───── Records to process

lemma longest_edge_gradient_bound:
  fixes a b c \<beta> :: "real^2"
  assumes nc: "\<not> collinear {a, b, c}" and \<omega>: "0 \<le> \<omega>" "\<omega> \<le> pi / 3"
    and angles: "\<omega> \<le> tri_angle a b c" "\<omega> \<le> tri_angle b c a"
    and longest: "norm (c - a) \<le> norm (b - a)" "norm (c - b) \<le> norm (b - a)"
  shows "(tan \<omega>)\<^sup>2 * (norm (b - a))\<^sup>2 * (norm \<beta>)\<^sup>2
    \<le> 2 * ((inner \<beta> (b - a))\<^sup>2 + (inner \<beta> (c - b))\<^sup>2 + (inner \<beta> (a - c))\<^sup>2)"
proof -
  define e f where "e = b - a" and "f = c - a"
  define E x y where "E = inner e e" and "x = inner e f / E" and "y = cross2 e f / E"
  define p q where "p = inner \<beta> e" and "q = cross2 e \<beta>"
  have "E > 0"
    using nc by (auto simp: E_def e_def collinear_2)
  have Exy: "E * x = inner e f" "E * y = cross2 e f"
    using \<open>E > 0\<close> by (simp_all add: x_def y_def)
  have "E * inner \<beta> f = p * (E * x) + q * (E * y)"
    using inner_cross2_expansion[of e \<beta> f] unfolding Exy by (simp add: E_def p_def q_def inner_commute)
  then have "E * inner \<beta> f = E * (p * x + q * y)"
    by (simp add: algebra_simps)
  then have "p * x + q * y = inner \<beta> f"
    using \<open>E > 0\<close> by simp
  then have "p * x + q * y = inner \<beta> (c - a)" "p * (x - 1) + q * y = inner \<beta> (c - b)"
    by (simp_all add: f_def p_def e_def algebra_simps inner_diff_right)
  moreover have "p\<^sup>2 + q\<^sup>2 = E * (norm \<beta>)\<^sup>2"
    using inner_square_add_cross2_square[of e \<beta>] by (simp add: E_def p_def q_def inner_commute power2_norm_eq_inner)
  moreover have "(inner \<beta> (a - c))\<^sup>2 = (inner \<beta> (c - a))\<^sup>2"
    by (simp add: inner_diff_right power2_commute)
  ultimately show ?thesis
    using normalized_edge_derivatives_bound[OF _ tan_sq_le_three[OF \<omega>]
        longest_edge_normalized_coordinates[OF assms, folded e_def f_def E_def, folded x_def y_def], of p q] \<omega>
    by (simp add: E_def e_def p_def power2_norm_eq_inner ac_simps)
qed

──────────

◆ **Work required**:
Using the line that contains "by (simp add: algebra_simps)" as the first, reproduce each line exactly through the last line of the listing.

◆ **Solution for this exercise**:
    by (simp add: algebra_simps)
  then have "p * x + q * y = inner \<beta> f"
    using \<open>E > 0\<close> by simp
  then have "p * x + q * y = inner \<beta> (c - a)" "p * (x - 1) + q * y = inner \<beta> (c - b)"
    by (simp_all add: f_def p_def e_def algebra_simps inner_diff_right)
  moreover have "p\<^sup>2 + q\<^sup>2 = E * (norm \<beta>)\<^sup>2"
    using inner_square_add_cross2_square[of e \<beta>] by (simp add: E_def p_def q_def inner_commute power2_norm_eq_inner)
  moreover have "(inner \<beta> (a - c))\<^sup>2 = (inner \<beta> (c - a))\<^sup>2"
    by (simp add: inner_diff_right power2_commute)
  ultimately show ?thesis
    using normalized_edge_derivatives_bound[OF _ tan_sq_le_three[OF \<omega>]
        longest_edge_normalized_coordinates[OF assms, folded e_def f_def E_def, folded x_def y_def], of p q] \<omega>
    by (simp add: E_def e_def p_def power2_norm_eq_inner ac_simps)
qed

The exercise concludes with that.